APD is a per passenger tax levied on all flights departing from airports in the UK. The British rate is currently the highest in the world and more than double that paid in Germany, according to the APPG, with long-haul flights subject to a £78 additional cost for economy tickets and £156 for business class.

Chancellor Philip Hammond has faced pressure from airlines and government officials to reduce the rate of APD, but he has increased the tax on some long-haul flights twice over the last two years. Short-haul rates have been frozen since 2012.

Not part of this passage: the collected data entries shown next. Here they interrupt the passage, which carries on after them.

(* Let $P\subset V$ be a rational convex polyhedron with $\dim(P)=\ell$, and let $\sigma\in\mathrm{lin}(P)\cap\Lambda_{\mathbb{Q}}$. Then the difference $[C_P\cap(\mathbb{Z}\oplus\Lambda)]-[C_{P,\sigma}\cap(\mathbb{Z}\oplus\Lambda)]$ belongs to $\mathcal{S}_{\ell-1}(\Lambda)$. Moreover, if $P$ is a cone with apex set $L$, then this difference is a finite signed sum of characteristic functions $[C_{P',\sigma'}\cap(\mathbb{Z}\oplus\Lambda)]$ where each $P'$ is a cone of dimension at most $\ell-1$ with apex set $L$ and $\sigma'\in\Lambda_{\mathbb{Q}}$.
   Context: $V$ finite-dimensional real vector space, $\Lambda\subset V$ full-rank lattice, $\Lambda_{\mathbb{Q}}=\Lambda\otimes\mathbb{Q}$. Rational polyhedron: finite intersection of half-spaces $\{v:\langle a,v\rangle\ge c\}$, $a\in\mathrm{Hom}(\Lambda,\mathbb{Z})\otimes\mathbb{Q}$, $c\in\mathbb{Q}$; $\mathrm{lin}(P)$ is the linear subspace parallel to its affine hull and $\dim P=\dim\mathrm{lin}(P)$. $C_{P,\sigma}=\{(t,tv+\sigma):t>0,v\in P\}\subset\mathbb{R}\oplus V$, $C_P=C_{P,0}$, and $[\,\cdot\,]$ denotes indicator functions. A cone is a rational polyhedron $w+K$ with $K$ a closed convex polyhedral cone, with apex set $w+(K\cap -K)$. Quasi-polynomials: algebra generated by polynomials and periodic functions. $\mathcal{S}(\Lambda)$: functions on $\mathbb{Z}\oplus\Lambda$ of the form $\sum_{P\in\mathcal{P}}\sum_{\sigma\in\Sigma_P}q_{P,\sigma}[C_{P,\sigma}]$ with $\mathcal{P}$ rational polyhedra, $\Sigma_P\subset\Lambda_{\mathbb{Q}}$, $q_{P,\sigma}$ quasi-polynomial, and $\{P+[0,1]\sigma\}$ locally finite in $V$. For $0\le j\le\dim V$, $\mathcal{S}_j(\Lambda)$ is the subspace of $m\in\mathcal{S}(\Lambda)$ admitting such an expression with all polyhedra of dimension $\le j$, and $\mathcal{S}_{-1}(\Lambda)=\{0\}$. *)

theory Defs
  imports "HOL-Analysis.Analysis"
begin

text \<open>The ambient space V is modelled as real^'n (any finite-dimensional real
vector space is isomorphic to one of these); Lambda is an arbitrary full-rank lattice.\<close>

definition full_rank_lattice :: "(real^'n) set \<Rightarrow> bool" where
  "full_rank_lattice Lam \<longleftrightarrow>
     (\<exists>b :: 'n \<Rightarrow> real^'n. inj b \<and> independent (range b) \<and>
        Lam = range (\<lambda>z :: 'n \<Rightarrow> int. \<Sum>i\<in>UNIV. of_int (z i) *\<^sub>R b i))"

definition rat_lattice :: "(real^'n) set \<Rightarrow> (real^'n) set" where
  "rat_lattice Lam = {(1 / real m) *\<^sub>R x | m x. m > 0 \<and> x \<in> Lam}"

text \<open>Elements of Hom(Lambda,Z) tensor Q, represented via the inner product.\<close>
definition rat_functional :: "(real^'n) set \<Rightarrow> real^'n \<Rightarrow> bool" where
  "rat_functional Lam a \<longleftrightarrow> (\<forall>x\<in>Lam. a \<bullet> x \<in> \<rat>)"

definition rat_polyhedron :: "(real^'n) set \<Rightarrow> (real^'n) set \<Rightarrow> bool" where
  "rat_polyhedron Lam P \<longleftrightarrow>
     (\<exists>F. finite F \<and> (\<forall>(a,c)\<in>F. rat_functional Lam a \<and> c \<in> \<rat>) \<and>
          P = (\<Inter>(a,c)\<in>F. {v. a \<bullet> v \<ge> c}))"

definition lin_space :: "(real^'n) set \<Rightarrow> (real^'n) set" where
  "lin_space P = span {x - y | x y. x \<in> P \<and> y \<in> P}"

definition coneC :: "(real^'n) set \<Rightarrow> real^'n \<Rightarrow> (real \<times> (real^'n)) set" where
  "coneC P \<sigma> = {(t, t *\<^sub>R v + \<sigma>) | t v. t > 0 \<and> v \<in> P}"

definition ZLat :: "(real^'n) set \<Rightarrow> (real \<times> (real^'n)) set" where
  "ZLat Lam = {(t, v). t \<in> \<int> \<and> v \<in> Lam}"

definition lat_ind :: "(real^'n) set \<Rightarrow> (real^'n) set \<Rightarrow> real^'n \<Rightarrow> real \<times> (real^'n) \<Rightarrow> real" where
  "lat_ind Lam P \<sigma> = indicator (coneC P \<sigma> \<inter> ZLat Lam)"

text \<open>Quasi-polynomials on Z + Lambda: algebra generated by polynomials (constants and
coordinate functions) and periodic functions (periodic w.r.t. m(Z + Lambda), m>0, which
every finite-index sublattice contains).\<close>
inductive_set quasi_poly :: "(real^'n) set \<Rightarrow> (real \<times> (real^'n) \<Rightarrow> real) set"
  for Lam :: "(real^'n) set" where
  qp_const: "(\<lambda>_. c) \<in> quasi_poly Lam"
| qp_t: "(\<lambda>x. fst x) \<in> quasi_poly Lam"
| qp_coord: "(\<lambda>x. snd x $ i) \<in> quasi_poly Lam"
| qp_periodic: "m > (0::nat) \<Longrightarrow>
     (\<forall>x\<in>ZLat Lam. \<forall>y\<in>ZLat Lam. f (x + of_nat m *\<^sub>R y) = f x) \<Longrightarrow> f \<in> quasi_poly Lam"
| qp_add: "f \<in> quasi_poly Lam \<Longrightarrow> g \<in> quasi_poly Lam \<Longrightarrow> (\<lambda>x. f x + g x) \<in> quasi_poly Lam"
| qp_mult: "f \<in> quasi_poly Lam \<Longrightarrow> g \<in> quasi_poly Lam \<Longrightarrow> (\<lambda>x. f x * g x) \<in> quasi_poly Lam"

definition locally_finite_family :: "'i set \<Rightarrow> ('i \<Rightarrow> (real^'n) set) \<Rightarrow> bool" where
  "locally_finite_family I A \<longleftrightarrow>
     (\<forall>x. \<exists>U. open U \<and> x \<in> U \<and> finite {i\<in>I. A i \<inter> U \<noteq> {}})"

text \<open>The (pointwise finite, by local finiteness) sum is taken over the pairs whose cone
contains the point.  For j = -1 this gives exactly the zero function.\<close>
definition S_j :: "(real^'n) set \<Rightarrow> int \<Rightarrow> (real \<times> (real^'n) \<Rightarrow> real) set" where
  "S_j Lam j = {m. \<exists>(I :: ((real^'n) set \<times> (real^'n)) set) q.
      (\<forall>(P,\<sigma>)\<in>I. rat_polyhedron Lam P \<and> aff_dim P \<le> j \<and> \<sigma> \<in> rat_lattice Lam) \<and>
      (\<forall>i\<in>I. q i \<in> quasi_poly Lam) \<and>
      locally_finite_family I (\<lambda>(P,\<sigma>). P + closed_segment 0 \<sigma>) \<and>
      (\<forall>x\<in>ZLat Lam. m x = (\<Sum>i\<in>{i\<in>I. x \<in> coneC (fst i) (snd i)}. q i x))}"

definition rat_cone_with_apex :: "(real^'n) set \<Rightarrow> (real^'n) set \<Rightarrow> (real^'n) set \<Rightarrow> bool" where
  "rat_cone_with_apex Lam P L \<longleftrightarrow> rat_polyhedron Lam P \<and>
     (\<exists>w K. K \<noteq> {} \<and> cone K \<and> convex K \<and> closed K \<and> polyhedron K \<and>
        P = (\<lambda>k. w + k) ` K \<and> L = (\<lambda>k. w + k) ` (K \<inter> uminus ` K))"

end

theory Submission
  imports Defs
begin

(*
  Fix a lattice point (t, y), t > 0, and follow v(r) = (y - r \<sigma>) / t for 0 \<le> r \<le> 1: the point
  lies in C_P iff v(0) \<in> P and in C_{P,\<sigma>} iff v(1) \<in> P.  The parameters r with v(r) \<in> P form an
  interval, so the difference of the two indicators is [the interval ends in [0, 1)] minus
  [it begins in (0, 1]].  At an endpoint r some inequality a \<bullet> v \<ge> c of P with a \<bullet> \<sigma> \<noteq> 0 is
  tight, i.e. (t, y) \<in> C_{Q, r \<sigma>} for the face Q on which it is tight; inclusion-exclusion over the
  tight inequalities turns this into a signed sum of such indicators, and dim Q < dim P because
  \<sigma> \<in> lin(P) is transversal to the hyperplane.  Since a \<bullet> y - c t \<in> (1/D) \<int> on lattice points, all
  endpoints lie in one finite set of rationals r.  Faces of a cone with apex set L are again cones
  with apex set L.
*)

section \<open>Linear constraints along a line\<close>

definition feasible_at :: "'i set \<Rightarrow> ('i \<Rightarrow> real) \<Rightarrow> ('i \<Rightarrow> real) \<Rightarrow> real \<Rightarrow> bool" where
  "feasible_at F s G r \<longleftrightarrow> (\<forall>i\<in>F. r * s i \<le> G i)"

lemma feasible_at_uminus: "feasible_at F (\<lambda>i. - s i) G r \<longleftrightarrow> feasible_at F s G (- r)"
  by (simp add: feasible_at_def)

lemma feasible_at_tight_pos_le:
  assumes "feasible_at F s G \<nu>" "i \<in> F" "s i > 0" "G i = r * s i"
  shows "\<nu> \<le> r"
  using assms unfolding feasible_at_def by (metis mult_le_cancel_right_pos)

lemma feasible_at_tight_neg_ge:
  assumes "feasible_at F s G \<mu>" "i \<in> F" "s i < 0" "G i = r * s i"
  shows "r \<le> \<mu>"
  using assms unfolding feasible_at_def by (metis mult_le_cancel_right_neg)

lemma feasible_at_exit_point:
  assumes "finite F" "feasible_at F s G \<mu>" "\<not> feasible_at F s G \<nu>" "\<mu> < \<nu>"
  obtains \<beta> i where "\<mu> \<le> \<beta>" "\<beta> < \<nu>" "feasible_at F s G \<beta>" "i \<in> F" "s i > 0" "G i = \<beta> * s i"
proof -
  define W where "W = {i\<in>F. s i > 0}"
  obtain i0 where i0: "i0 \<in> F" "G i0 < \<nu> * s i0"
    using assms(3) unfolding feasible_at_def by force
  have "\<not> s i0 \<le> 0"
  proof
    assume "s i0 \<le> 0"
    then have "\<nu> * s i0 \<le> \<mu> * s i0" using assms(4) by (simp add: mult_right_mono_neg)
    then show False using assms(2) i0 unfolding feasible_at_def by force
  qed
  then have "i0 \<in> W" using i0 W_def by auto
  \<comment> \<open>Constraints with s i \<le> 0 stay satisfied for all parameters \<ge> \<mu>, so the exit point is
    the least ratio G i / s i over the others.\<close>
  define \<beta> where "\<beta> = Min ((\<lambda>i. G i / s i) ` W)"
  have finW: "finite W" using assms(1) W_def by auto
  have Min_le: "\<beta> \<le> G i / s i" if "i \<in> W" for i
    unfolding \<beta>_def using finW that by auto
  have "\<beta> \<in> (\<lambda>i. G i / s i) ` W"
    unfolding \<beta>_def using finW \<open>i0 \<in> W\<close> by (intro Min_in) auto
  then obtain j where j: "j \<in> W" "\<beta> = G j / s j" by blast
  have "G i0 / s i0 < \<nu>"
    using i0 \<open>i0 \<in> W\<close> by (simp add: W_def pos_divide_less_eq)
  then have "\<beta> < \<nu>"
    using Min_le[OF \<open>i0 \<in> W\<close>] by linarith
  moreover have "\<mu> \<le> \<beta>"
    using assms(2) j unfolding feasible_at_def W_def by (simp add: pos_le_divide_eq)
  moreover have "feasible_at F s G \<beta>"
    unfolding feasible_at_def
  proof
    fix i assume "i \<in> F"
    show "\<beta> * s i \<le> G i"
    proof (cases "s i > 0")
      case True
      then show ?thesis using Min_le[of i] \<open>i \<in> F\<close> by (simp add: W_def pos_le_divide_eq)
    next
      case False
      then have "\<beta> * s i \<le> \<mu> * s i" using \<open>\<mu> \<le> \<beta>\<close> by (simp add: mult_right_mono_neg)
      then show ?thesis using assms(2) \<open>i \<in> F\<close> unfolding feasible_at_def by force
    qed
  qed
  moreover have "j \<in> F" "s j > 0" "G j = \<beta> * s j" using j W_def by auto
  ultimately show ?thesis using that by blast
qed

International Airlines Group (IAG) CEO Willie Walsh has said in the past that the rate of APD is preventing its low-cost carrier Level from establishing a base in the UK, while a study by Frontier Economics found the nation is missing out on 66 new domestic and international connections because the tax makes them financially unviable.

Following Hammond’s decision to increase APD, long-haul tickets in premium economy and above will see a hike of £16 from 1 April.

Chair of the new group, Henry Smith MP, who represents the constituency in which Gatwick airport sits, commented: “I am grateful to have been elected chair of the APPG for Air Passenger Duty Reform. As the UK leaves the European Union and looks to forge a new identity for ourselves in the world as a global nation, it is critical we have a tax system that reflects that ambition. A significant reduction in the UK’s APD rate would signal to the world that the UK is open for business.”

A spokesperson for the A Fair Tax on Flying campaign added: “This marks an important step in the campaign to reduce APD. A cut in APD is long overdue and many MPs across Parliament recognise that reducing APD would significantly boost the connectivity of UK airports and dramatically improve the competitiveness of UK airline routes relative to European alternatives, while at the same time tackling this additional tax burden on holidaymakers and business travellers.”